From his conception of gift, Milbank is able to draw some lessons that are of significance for the problem of multiplicity. Firstly, if reality is given from an otherworldly beyond then it bears the resemblance of the giver in much the same way that Mauss’ gifts deriving from the social domain resemble the character of the giver. The giver is in the gift – which in this case – is reality itself. The claim that the gift resembles the giver is of paramount importance for the problem of multiplicity. This is because if indeed the gift resembles the giver, then the astonishing breadth of diversity and difference we see in the world points to the character of the giver. It declares the giver’s choice to manifest only in the form of difference. Difference thus inaugurates and serves as the very basis of the manifestation of the giver. The giver cannot be known except via the prism of difference ‘mediated by local pathways’ (Milbank 1998:53). That is, there is no way of knowing the giver except through the diversity of perspectives necessitated by the sheer existence of difference in the world. This is because if the claim that the giver is in the gift is true, then the difference in the world is worthy of celebration because it is a manifestation of the diversity of the giver. If the giver is in the gift then everything that is created has value and integrity by virtue of its sheer existence in the world. The implications for a different relationship with planet earth that stays clear of a relationship of exploitation are clear here.

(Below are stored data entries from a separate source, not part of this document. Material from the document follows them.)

lemma packed_un: "packed k A \<Longrightarrow> packed k B \<Longrightarrow> packed k (un A B)"
  using packed_ov packed_cong[of "un A B" "ov A B"] by (auto simp: un_def ov_def)

lemma append_in_shuffles: "xs @ ys \<in> shuffles xs ys"
  by (induction xs) (auto intro: Cons_in_shuffles_leftI)

lemma shuffles_iff_filter:
  assumes "\<forall>x\<in>set xs. P x" "\<forall>y\<in>set ys. \<not> P y"
  shows "zs \<in> shuffles xs ys \<longleftrightarrow> filter P zs = xs \<and> filter (\<lambda>x. \<not> P x) zs = ys"
proof
  assume "zs \<in> shuffles xs ys"
  then have "filter P zs \<in> shuffles (filter P xs) (filter P ys)"
    and "filter (\<lambda>x. \<not> P x) zs \<in> shuffles (filter (\<lambda>x. \<not> P x) xs) (filter (\<lambda>x. \<not> P x) ys)"
    using filter_shuffles by blast+
  then show "filter P zs = xs \<and> filter (\<lambda>x. \<not> P x) zs = ys"
    using assms by (simp add: filter_id_conv)
next
  assume "filter P zs = xs \<and> filter (\<lambda>x. \<not> P x) zs = ys"
  then show "zs \<in> shuffles xs ys" using partition_in_shuffles[of zs P] by simp
qed

lemma shuffles_adjacent_swap_cases [consumes 3]:
  assumes shuffle: "L @ a # b # R \<in> shuffles xs ys"
    and sep: "\<forall>x\<in>set xs. P x" "\<forall>y\<in>set ys. \<not> P y"
  obtains (left) xs1 xs2 where "xs = xs1 @ a # b # xs2"
      "L @ b # a # R \<in> shuffles (xs1 @ b # a # xs2) ys"
    | (right) ys1 ys2 where "ys = ys1 @ a # b # ys2"
      "L @ b # a # R \<in> shuffles xs (ys1 @ b # a # ys2)"
    | (left_right) "a \<in> set xs" "b \<in> set ys" "L @ b # a # R \<in> shuffles xs ys"
    | (right_left) "a \<in> set ys" "b \<in> set xs" "L @ b # a # R \<in> shuffles xs ys"
proof -
  have xs: "xs = filter P (L @ a # b # R)" and ys: "ys = filter (\<lambda>x. \<not> P x) (L @ a # b # R)"
    using shuffle shuffles_iff_filter[OF sep] by auto
  have swapped: "L @ b # a # R \<in> shuffles (filter P (L @ b # a # R))
      (filter (\<lambda>x. \<not> P x) (L @ b # a # R))"
    by (rule partition_in_shuffles)
  consider "P a" "P b" | "\<not> P a" "\<not> P b" | "P a" "\<not> P b" | "\<not> P a" "P b" by blast
  then show thesis
  proof cases
    case 1
    then show thesis using left[of "filter P L" "filter P R"] swapped xs ys by simp
  next
    case 2
    then show thesis using right[of "filter (\<lambda>x. \<not> P x) L" "filter (\<lambda>x. \<not> P x) R"] swapped xs ys
      by simp
  next
    case 3
    then show thesis using left_right swapped xs ys by simp
  next
    case 4
    then show thesis using right_left swapped xs ys by simp
  qed
qed
(* Let $K\ge1$, $n\ge1$, $\delta\in(0,1)$, $\ell_K=\sum_{k=1}^K1/k$, and $s\in\{1,\dots,K\}$. Define the half-widths $$h_{\mathrm e}(s)=\sqrt{\frac{\log\left(\frac{2K}{\delta s}\right)}{2n}}\cdot\frac{\log\left(\frac{2}{\delta}\right)+\log\left(\frac{2K}{\delta s}\right)}{2\sqrt{\log\left(\frac{2}{\delta}\right)\log\left(\frac{2K}{\delta s}\right)}},\qquad h(s)=\sqrt{\frac{\log\left(\frac{2K\ell_K}{\delta s}\right)}{2n}},$$ which are the half-widths of the intervals $C^{\delta\text{-}\mathrm{Hoef}}(\delta s/K)$ and $C^{\mathrm{Hoef}}(\delta s/(K\ell_K))$ centered at the sample mean. If $$s\ge\frac{K}{\exp\left(2\sqrt{\log\left(\frac{2}{\delta}\right)\log\ell_K}\right)},$$ then $h_{\mathrm e}(s)\le h(s)$, i.e. $C^{\delta\text{-}\mathrm{Hoef}}(\delta s/K)$ is as tight as or tighter than $C^{\mathrm{Hoef}}(\delta s/(K\ell_K))$.
   Context: Given $n$ i.i.d. samples in $[0,1]$ with sample mean $\hat\mu_n$, $C^{\alpha'\text{-}\mathrm{Hoef}}(\alpha)=\left(\hat\mu_n\pm\sqrt{\frac{\log(2/\alpha)}{2n}}\cdot\frac{\log(2/\alpha)+\log(2/\alpha')}{2\sqrt{\log(2/\alpha')\log(2/\alpha)}}\right)$ (used here with $\alpha'=\delta$) and $C^{\mathrm{Hoef}}(\alpha)=\left(\hat\mu_n\pm\sqrt{\frac{\log(2/\alpha)}{2n}}\right)$. Here $s$ plays the role of the size $|S|$ of the selected set. *)

theory Defs
  imports "HOL-Analysis.Analysis"
begin

definition ellK :: "nat \<Rightarrow> real" where
  "ellK K = (\<Sum>k=1..K. 1 / real k)"

definition hoef_adapt_hw :: "nat \<Rightarrow> real \<Rightarrow> real \<Rightarrow> real" where
  "hoef_adapt_hw n alpha' alpha =
     sqrt (ln (2 / alpha) / (2 * real n)) *
     ((ln (2 / alpha) + ln (2 / alpha')) / (2 * sqrt (ln (2 / alpha') * ln (2 / alpha))))"

definition hoef_hw :: "nat \<Rightarrow> real \<Rightarrow> real" where
  "hoef_hw n alpha = sqrt (ln (2 / alpha) / (2 * real n))"

definition C_adapt_hoef :: "nat \<Rightarrow> real \<Rightarrow> real \<Rightarrow> real \<Rightarrow> real set" where
  "C_adapt_hoef n mu alpha' alpha =
     {mu - hoef_adapt_hw n alpha' alpha <..< mu + hoef_adapt_hw n alpha' alpha}"

definition C_hoef :: "nat \<Rightarrow> real \<Rightarrow> real \<Rightarrow> real set" where
  "C_hoef n mu alpha = {mu - hoef_hw n alpha <..< mu + hoef_hw n alpha}"

end

theory Submission
  imports Defs
begin

text \<open>Put \<open>a = ln (2/\<alpha>')\<close> and \<open>b = ln (2/\<alpha>)\<close>. The adapted half-width is
  \<open>(a + b) / (2 sqrt (2 n a))\<close>, whereas the Hoeffding half-width at level \<open>\<alpha>/c\<close> is
  \<open>sqrt ((b + ln c) / (2 n))\<close>. As \<open>(a + b)\<^sup>2 = (b - a)\<^sup>2 + 4 a b\<close>, the first is at most the second as soon as
  \<open>\<bar>b - a\<bar> \<le> 2 sqrt (a ln c)\<close>. For \<open>\<alpha>' = \<delta>\<close>, \<open>\<alpha> = \<delta> s / K\<close> and \<open>c = \<ell>\<^sub>K\<close> we have \<open>b - a = ln (K/s)\<close>,
  so this is exactly the hypothesis on \<open>s\<close>.\<close>

lemma ellK_ge_1:
  assumes "1 \<le> K"
  shows "1 \<le> ellK K"
proof -
  have "ellK K = 1 + (\<Sum>k=2..K. 1 / real k)"
    unfolding ellK_def using assms by (simp add: sum.atLeast_Suc_atMost numeral_2_eq_2)
  moreover have "0 \<le> (\<Sum>k=2..K. 1 / real k)"
    by (rule sum_nonneg) simp
  ultimately show ?thesis
    by simp
qed

lemma hoef_hw_eq: "hoef_hw n alpha = sqrt (1 / (2 * real n)) * sqrt (ln (2 / alpha))"
  unfolding hoef_hw_def by (simp add: real_sqrt_mult[symmetric])

lemma hoef_adapt_hw_eq:
  assumes "0 < ln (2 / alpha')" and "0 < ln (2 / alpha)"
  shows "hoef_adapt_hw n alpha' alpha
           = sqrt (1 / (2 * real n)) * ((ln (2 / alpha) + ln (2 / alpha')) / (2 * sqrt (ln (2 / alpha'))))"
proof -
  define a where "a = ln (2 / alpha')"
  define b where "b = ln (2 / alpha)"
  have "0 < sqrt a" "0 < sqrt b"
    using assms unfolding a_def b_def by auto
  have "hoef_adapt_hw n alpha' alpha = sqrt (b / (2 * real n)) * ((b + a) / (2 * (sqrt a * sqrt b)))"
    unfolding hoef_adapt_hw_def a_def b_def by (simp add: real_sqrt_mult)
  also have "\<dots> = sqrt (1 / (2 * real n)) * (sqrt b * ((b + a) / (2 * (sqrt a * sqrt b))))"
    by (simp add: real_sqrt_mult[symmetric])
  also have "sqrt b * ((b + a) / (2 * (sqrt a * sqrt b))) = (b + a) / (2 * sqrt a)"
    using \<open>0 < sqrt a\<close> \<open>0 < sqrt b\<close> by (simp add: field_simps)
  finally show ?thesis
    unfolding a_def b_def .
qed

lemma half_sum_div_sqrt_le_sqrt:
  fixes a b L :: real
  assumes "0 < a" and "0 \<le> L" and "\<bar>b - a\<bar> \<le> 2 * sqrt (a * L)"
  shows "(a + b) / (2 * sqrt a) \<le> sqrt (b + L)"
proof -
  have "(b - a)\<^sup>2 \<le> (2 * sqrt (a * L))\<^sup>2"
    using assms(3) by (metis abs_ge_zero power2_abs power_mono)
  also have "\<dots> = 4 * a * L"
    using assms(1,2) by (simp add: power_mult_distrib)
  finally have "(a + b)\<^sup>2 \<le> 4 * a * (b + L)"
    by (simp add: power2_eq_square algebra_simps)
  then have "a + b \<le> sqrt (4 * a * (b + L))"
    by (simp add: real_le_rsqrt)
  also have "\<dots> = 2 * sqrt a * sqrt (b + L)"
    by (simp add: real_sqrt_mult)
  finally show ?thesis
    using assms(1) by (simp add: divide_le_eq mult_ac)
qed

lemma hoef_adapt_hw_le_hoef_hw_div:
  assumes "0 < alpha'" "alpha' < 2" "0 < alpha" "alpha < 2" "1 \<le> c"
    and "\<bar>ln (alpha' / alpha)\<bar> \<le> 2 * sqrt (ln (2 / alpha') * ln c)"
  shows "hoef_adapt_hw n alpha' alpha \<le> hoef_hw n (alpha / c)"
proof -
  define a where "a = ln (2 / alpha')"
  define b where "b = ln (2 / alpha)"
  have "0 < a" "0 < b" "0 \<le> ln c"
    using assms(1-5) unfolding a_def b_def by auto
  have "b - a = ln (alpha' / alpha)"
    unfolding a_def b_def using assms(1,3) by (simp add: ln_div)
  then have half_sum_le: "(a + b) / (2 * sqrt a) \<le> sqrt (b + ln c)"
    using assms(6) unfolding a_def[symmetric]
    by (intro half_sum_div_sqrt_le_sqrt[OF \<open>0 < a\<close> \<open>0 \<le> ln c\<close>]) simp
  have "hoef_adapt_hw n alpha' alpha = sqrt (1 / (2 * real n)) * ((a + b) / (2 * sqrt a))"
    using hoef_adapt_hw_eq \<open>0 < a\<close> \<open>0 < b\<close> unfolding a_def b_def by (simp add: add.commute)
  also have "\<dots> \<le> sqrt (1 / (2 * real n)) * sqrt (b + ln c)"
    by (rule mult_left_mono[OF half_sum_le]) simp
  also have "b + ln c = ln (2 / (alpha / c))"
    unfolding b_def using assms(3,5) by (simp add: ln_div ln_mult)
  finally show ?thesis
    unfolding hoef_hw_eq .
qed

lemma ln_div_le_of_div_exp_le:
  fixes x y t :: real
  assumes "0 < x" "0 < y" "x / exp t \<le> y"
  shows "ln (x / y) \<le> t"
proof -
  have "x / y \<le> exp t"
    using assms by (simp add: field_simps)
  then have "ln (x / y) \<le> ln (exp t)"
    using assms(1,2) by (subst ln_le_cancel_iff) auto
  then show ?thesis
    by simp
qed

theorem proposition6:
  fixes K n s :: nat and \<delta> :: real
  assumes "K \<ge> 1" and "n \<ge> 1" and "0 < \<delta>" and "\<delta> < 1"
    and "1 \<le> s" and "s \<le> K"
    and "real s \<ge> real K / exp (2 * sqrt (ln (2 / \<delta>) * ln (ellK K)))"
  shows "hoef_adapt_hw n \<delta> (\<delta> * real s / real K)
           \<le> hoef_hw n (\<delta> * real s / (real K * ellK K))"
proof -
  have "0 < real s" "real s \<le> real K"
    using assms(5,6) by auto
  have "0 < \<delta> * real s / real K" "\<delta> * real s / real K \<le> \<delta>"
    using assms(3) \<open>0 < real s\<close> \<open>real s \<le> real K\<close> by (simp_all add: field_simps)
  have "\<delta> / (\<delta> * real s / real K) = real K / real s"
    using assms(3) by simp
  moreover have "0 \<le> ln (real K / real s)"
    using \<open>0 < real s\<close> \<open>real s \<le> real K\<close> by simp
  moreover have "ln (real K / real s) \<le> 2 * sqrt (ln (2 / \<delta>) * ln (ellK K))"
    using \<open>0 < real s\<close> \<open>real s \<le> real K\<close> assms(7) by (intro ln_div_le_of_div_exp_le) auto
  ultimately have "hoef_adapt_hw n \<delta> (\<delta> * real s / real K) \<le> hoef_hw n (\<delta> * real s / real K / ellK K)"
    using assms(3,4) \<open>0 < \<delta> * real s / real K\<close> \<open>\<delta> * real s / real K \<le> \<delta>\<close> ellK_ge_1[OF assms(1)]
    by (intro hoef_adapt_hw_le_hoef_hw_div) auto
  then show ?thesis
    by (simp add: divide_divide_eq_left)
qed

end
lemma two_level_sets_of_card_two:
  assumes fin: "finite L" and card_L: "card L \<le> 4"
    and partner: "\<And>i. i \<in> L \<Longrightarrow> \<exists>i'\<in>L. i' \<noteq> i \<and> f i' = f i"
    and i12: "i1 \<in> L" "i2 \<in> L" "f i1 \<noteq> f i2"
  shows "L = {i\<in>L. f i = f i1} \<union> {i\<in>L. f i = f i2}"
    and "card {i\<in>L. f i = f i1} = 2" and "card {i\<in>L. f i = f i2} = 2" and "card L = 4"
proof -
  have level_card: "2 \<le> card {i\<in>L. f i = f i0}" if i0: "i0 \<in> L" for i0
  proof -
    obtain i' where "i' \<in> L" "i' \<noteq> i0" "f i' = f i0"
      using partner[OF i0] by blast
    then have "card {i0, i'} \<le> card {i\<in>L. f i = f i0}"
      using i0 fin by (intro card_mono) auto
    with \<open>i' \<noteq> i0\<close> show ?thesis
      by simp
  qed
  define A1 where "A1 = {i\<in>L. f i = f i1}"
  define A2 where "A2 = {i\<in>L. f i = f i2}"
  have "A1 \<inter> A2 = {}" and sub: "A1 \<union> A2 \<subseteq> L"
    unfolding A1_def A2_def using i12 by auto
  then have "card A1 + card A2 = card (A1 \<union> A2)" "card (A1 \<union> A2) \<le> card L"
    using fin card_mono[OF fin sub] by (auto simp: A1_def A2_def card_Un_disjoint)
  moreover have "2 \<le> card A1" "2 \<le> card A2"
    unfolding A1_def A2_def using level_card i12 by auto
  ultimately have "card A1 = 2" "card A2 = 2" "card (A1 \<union> A2) = card L" "card L = 4"
    using card_L by linarith+
  then show "L = A1 \<union> A2" "card A1 = 2" "card A2 = 2" "card L = 4"
    using card_subset_eq[OF fin sub] by simp_all
qed
lemma prelinear_idempotents:
  assumes fin: "finite (carrier L)" and x: "x \<in> carrier L" and y: "y \<in> carrier L"
  obtains e f where "e \<in> idems L" "f \<in> idems L" "e \<sqsubseteq> x \<rightarrow> y" "f \<sqsubseteq> y \<rightarrow> x"
    and "e \<sqsubseteq> f \<or> f \<sqsubseteq> e \<Longrightarrow> x \<sqsubseteq> y \<or> y \<sqsubseteq> x"
proof -
  obtain e f where ef: "e \<in> idems L" "f \<in> idems L" "e \<sqsubseteq> x \<rightarrow> y" "f \<sqsubseteq> y \<rightarrow> x"
    and join: "e \<squnion> f = \<one>"
    using idempotent_lower_bounds_join_one[OF fin _ _ prelinear[OF x y]] x y by auto
  have "x \<sqsubseteq> y \<or> y \<sqsubseteq> x" if "e \<sqsubseteq> f \<or> f \<sqsubseteq> e"
  proof -
    have "e \<in> carrier L" "f \<in> carrier L"
      using ef by (simp_all add: idems_def)
    with that join have "e = \<one> \<or> f = \<one>"
      by (metis join_comm le_imp_join_eq)
    with ef have "\<one> \<sqsubseteq> x \<rightarrow> y \<or> \<one> \<sqsubseteq> y \<rightarrow> x"
      by auto
    with x y show ?thesis
      by (simp add: one_le_imp_iff)
  qed
  with ef that show ?thesis by blast
qed

lemma chain_iff_idems_chain:
  assumes fin: "finite (carrier L)"
  shows "is_chain_in L (carrier L) \<longleftrightarrow> is_chain_in L (idems L)"
proof
  assume "is_chain_in L (carrier L)"
  then show "is_chain_in L (idems L)"
    by (auto simp: is_chain_in_def idems_def)
next
  assume idems_chain: "is_chain_in L (idems L)"
  show "is_chain_in L (carrier L)"
    unfolding is_chain_in_def
  proof (intro ballI)
    fix x y
    assume "x \<in> carrier L" "y \<in> carrier L"
    then obtain e f where "e \<in> idems L" "f \<in> idems L"
      and "e \<sqsubseteq> f \<or> f \<sqsubseteq> e \<Longrightarrow> x \<sqsubseteq> y \<or> y \<sqsubseteq> x"
      using prelinear_idempotents[OF fin] by metis
    with idems_chain show "x \<sqsubseteq> y \<or> y \<sqsubseteq> x"
      unfolding is_chain_in_def by blast
  qed
qed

In the end, for Milbank, church, understood as a universal body of believers, is itself the gift of community to the world (Milbank 2003:ix). It is, as such, the terrain for the restoration of community that the elevation of the commodity over the gift in the modern era seeks to dispense with. Consequently, church is the domain for the possible resolution of the problem of multiplicity, which the elevation of economic logic in the modern dispensation exacerbates. Church has this privileged position because it is the sphere for the realisation of the gift of the Son that manifests in its transnational and trans-ethnic character and finds concrete expression via the Eucharist (Milbank 2003:105). It is the space for breaking down barriers that come about because of submission to economic logic common to the modern era. This submission is evident in the elevation of the commodity over the gift and in the valorisation of formal contractual relations over informal and personal relations. Because as gift of community to the world, church holds the possibility of resolving the problem of multiplicity and overcoming barriers of difference, precisely because it holds potential to overcome life surrendered to the authority of the commodity, it presents the possibility of overcoming the centrality of the logic of security that is apparent to modern human social interactions. As a gift of community to the world, the church does not only address the problem of multiplicity but also the problem of elevation of space over movement. This is because space derives its priority over movement out of the elevation of economic logic as what must shape human social interactions. The logic that elevates space over movement is the logic of the commodity. It is the logic of capitalism, which the circulation of the gift in cycles of gratitude and obligation seeks to overcome.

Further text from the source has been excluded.